**Exercise requirements**
Transcribe exactly each line of the entries, from the opening line to the line with "a + replicate", with both of those lines included.

╭─ Material provided

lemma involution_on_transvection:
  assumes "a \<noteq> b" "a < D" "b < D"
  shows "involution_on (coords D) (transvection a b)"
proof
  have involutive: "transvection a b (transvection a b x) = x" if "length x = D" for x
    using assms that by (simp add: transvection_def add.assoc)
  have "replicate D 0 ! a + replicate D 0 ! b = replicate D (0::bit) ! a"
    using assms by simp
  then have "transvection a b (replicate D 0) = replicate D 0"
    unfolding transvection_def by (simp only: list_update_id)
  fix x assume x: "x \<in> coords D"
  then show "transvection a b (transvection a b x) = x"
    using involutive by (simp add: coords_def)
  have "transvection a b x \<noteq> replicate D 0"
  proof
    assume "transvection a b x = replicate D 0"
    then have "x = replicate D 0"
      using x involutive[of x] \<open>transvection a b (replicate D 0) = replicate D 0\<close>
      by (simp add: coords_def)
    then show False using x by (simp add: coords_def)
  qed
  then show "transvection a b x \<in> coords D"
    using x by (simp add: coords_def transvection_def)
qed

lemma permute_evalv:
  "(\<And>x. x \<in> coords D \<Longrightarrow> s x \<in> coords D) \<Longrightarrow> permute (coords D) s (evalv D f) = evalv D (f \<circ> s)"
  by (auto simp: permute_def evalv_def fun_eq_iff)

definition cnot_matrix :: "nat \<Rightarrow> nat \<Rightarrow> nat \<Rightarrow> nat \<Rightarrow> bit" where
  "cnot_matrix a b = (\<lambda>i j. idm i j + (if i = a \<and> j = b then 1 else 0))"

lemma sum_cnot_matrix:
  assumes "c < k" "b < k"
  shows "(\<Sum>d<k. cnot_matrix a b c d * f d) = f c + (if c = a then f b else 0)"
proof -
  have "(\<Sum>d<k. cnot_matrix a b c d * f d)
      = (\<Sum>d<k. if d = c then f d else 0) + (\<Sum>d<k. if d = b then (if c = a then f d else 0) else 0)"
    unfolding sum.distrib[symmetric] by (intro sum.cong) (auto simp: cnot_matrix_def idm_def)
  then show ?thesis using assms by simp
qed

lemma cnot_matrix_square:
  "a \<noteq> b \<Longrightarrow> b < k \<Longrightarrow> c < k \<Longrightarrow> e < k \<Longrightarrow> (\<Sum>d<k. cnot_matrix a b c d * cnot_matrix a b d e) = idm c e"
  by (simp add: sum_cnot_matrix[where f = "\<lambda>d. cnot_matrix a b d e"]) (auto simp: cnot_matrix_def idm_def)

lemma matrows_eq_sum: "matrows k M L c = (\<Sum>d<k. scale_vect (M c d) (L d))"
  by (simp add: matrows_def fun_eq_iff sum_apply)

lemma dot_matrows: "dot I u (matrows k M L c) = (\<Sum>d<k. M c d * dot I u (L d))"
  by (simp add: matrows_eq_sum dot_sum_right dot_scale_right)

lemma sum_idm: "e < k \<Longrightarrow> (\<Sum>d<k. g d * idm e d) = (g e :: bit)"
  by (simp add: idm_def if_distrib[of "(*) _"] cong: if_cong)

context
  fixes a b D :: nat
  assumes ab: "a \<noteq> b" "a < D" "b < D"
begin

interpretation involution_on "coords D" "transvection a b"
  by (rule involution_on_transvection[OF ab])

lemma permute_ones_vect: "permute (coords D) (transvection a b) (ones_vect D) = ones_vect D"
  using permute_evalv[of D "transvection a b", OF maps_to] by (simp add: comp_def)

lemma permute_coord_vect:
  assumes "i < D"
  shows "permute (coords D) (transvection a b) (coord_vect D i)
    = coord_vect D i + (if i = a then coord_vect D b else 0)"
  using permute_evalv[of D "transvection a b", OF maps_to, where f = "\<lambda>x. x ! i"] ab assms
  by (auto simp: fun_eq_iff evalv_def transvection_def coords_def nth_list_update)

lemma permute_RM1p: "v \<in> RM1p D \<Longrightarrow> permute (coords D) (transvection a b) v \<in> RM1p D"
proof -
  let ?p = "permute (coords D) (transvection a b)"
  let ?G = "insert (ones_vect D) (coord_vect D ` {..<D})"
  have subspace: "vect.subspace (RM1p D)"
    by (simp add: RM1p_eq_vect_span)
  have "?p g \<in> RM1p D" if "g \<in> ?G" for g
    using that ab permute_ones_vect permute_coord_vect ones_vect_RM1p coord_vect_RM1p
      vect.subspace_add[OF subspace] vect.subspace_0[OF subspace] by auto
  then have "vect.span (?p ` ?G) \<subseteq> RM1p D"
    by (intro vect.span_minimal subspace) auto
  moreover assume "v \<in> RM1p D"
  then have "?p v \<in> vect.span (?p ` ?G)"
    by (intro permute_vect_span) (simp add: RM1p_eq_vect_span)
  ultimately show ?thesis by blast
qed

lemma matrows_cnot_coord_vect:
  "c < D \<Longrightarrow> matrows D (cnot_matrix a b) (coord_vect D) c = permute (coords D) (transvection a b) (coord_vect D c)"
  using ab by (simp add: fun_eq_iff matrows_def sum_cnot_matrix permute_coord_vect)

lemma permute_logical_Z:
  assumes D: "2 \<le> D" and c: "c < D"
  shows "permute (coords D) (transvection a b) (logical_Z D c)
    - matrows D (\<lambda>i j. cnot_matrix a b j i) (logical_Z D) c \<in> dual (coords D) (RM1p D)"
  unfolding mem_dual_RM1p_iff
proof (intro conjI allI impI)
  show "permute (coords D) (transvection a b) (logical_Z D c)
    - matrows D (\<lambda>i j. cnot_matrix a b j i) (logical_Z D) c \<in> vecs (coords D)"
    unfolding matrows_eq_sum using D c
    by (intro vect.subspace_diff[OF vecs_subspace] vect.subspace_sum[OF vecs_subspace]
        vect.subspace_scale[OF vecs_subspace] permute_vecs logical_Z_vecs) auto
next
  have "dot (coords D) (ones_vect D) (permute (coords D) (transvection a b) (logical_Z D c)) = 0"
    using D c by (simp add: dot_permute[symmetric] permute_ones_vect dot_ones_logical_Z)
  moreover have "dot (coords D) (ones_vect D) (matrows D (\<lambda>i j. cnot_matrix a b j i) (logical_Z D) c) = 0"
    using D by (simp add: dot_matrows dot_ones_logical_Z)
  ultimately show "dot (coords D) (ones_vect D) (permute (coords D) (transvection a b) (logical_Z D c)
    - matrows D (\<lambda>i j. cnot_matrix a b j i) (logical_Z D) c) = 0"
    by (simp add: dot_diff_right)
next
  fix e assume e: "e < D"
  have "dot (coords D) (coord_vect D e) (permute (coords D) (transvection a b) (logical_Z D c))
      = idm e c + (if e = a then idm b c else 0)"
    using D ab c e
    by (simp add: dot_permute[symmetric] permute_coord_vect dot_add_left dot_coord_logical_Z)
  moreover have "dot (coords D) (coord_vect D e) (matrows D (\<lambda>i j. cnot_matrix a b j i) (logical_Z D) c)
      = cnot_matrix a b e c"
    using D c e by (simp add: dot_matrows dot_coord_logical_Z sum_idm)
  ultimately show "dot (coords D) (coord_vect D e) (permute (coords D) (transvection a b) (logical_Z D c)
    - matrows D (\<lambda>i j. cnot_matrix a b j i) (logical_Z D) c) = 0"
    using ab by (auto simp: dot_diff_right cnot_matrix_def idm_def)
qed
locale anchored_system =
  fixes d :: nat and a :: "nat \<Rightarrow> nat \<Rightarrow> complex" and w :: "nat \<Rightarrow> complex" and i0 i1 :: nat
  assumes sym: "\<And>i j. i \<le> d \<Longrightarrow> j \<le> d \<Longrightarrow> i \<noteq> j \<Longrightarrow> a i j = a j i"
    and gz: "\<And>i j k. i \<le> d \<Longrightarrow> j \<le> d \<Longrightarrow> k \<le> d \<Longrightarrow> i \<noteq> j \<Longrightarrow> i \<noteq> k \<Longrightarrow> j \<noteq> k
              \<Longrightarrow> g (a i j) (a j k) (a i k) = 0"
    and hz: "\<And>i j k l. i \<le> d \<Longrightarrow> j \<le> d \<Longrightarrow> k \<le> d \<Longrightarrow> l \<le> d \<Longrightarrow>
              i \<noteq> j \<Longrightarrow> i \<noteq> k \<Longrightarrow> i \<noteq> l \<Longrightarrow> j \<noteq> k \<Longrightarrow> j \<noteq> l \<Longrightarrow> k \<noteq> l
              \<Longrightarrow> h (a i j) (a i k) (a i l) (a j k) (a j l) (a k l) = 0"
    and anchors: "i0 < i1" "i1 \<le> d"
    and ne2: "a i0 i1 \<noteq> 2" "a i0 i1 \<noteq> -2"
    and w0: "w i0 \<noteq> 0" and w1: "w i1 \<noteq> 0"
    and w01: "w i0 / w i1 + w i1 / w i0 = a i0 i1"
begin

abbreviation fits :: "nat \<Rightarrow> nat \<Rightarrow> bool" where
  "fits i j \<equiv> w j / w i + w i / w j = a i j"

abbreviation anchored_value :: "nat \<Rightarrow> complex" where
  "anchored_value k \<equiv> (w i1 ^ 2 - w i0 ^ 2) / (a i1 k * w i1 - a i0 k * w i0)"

╰─

**Answer for this exercise**
lemma involution_on_transvection:
  assumes "a \<noteq> b" "a < D" "b < D"
  shows "involution_on (coords D) (transvection a b)"
proof
  have involutive: "transvection a b (transvection a b x) = x" if "length x = D" for x
    using assms that by (simp add: transvection_def add.assoc)
  have "replicate D 0 ! a + replicate D 0 ! b = replicate D (0::bit) ! a"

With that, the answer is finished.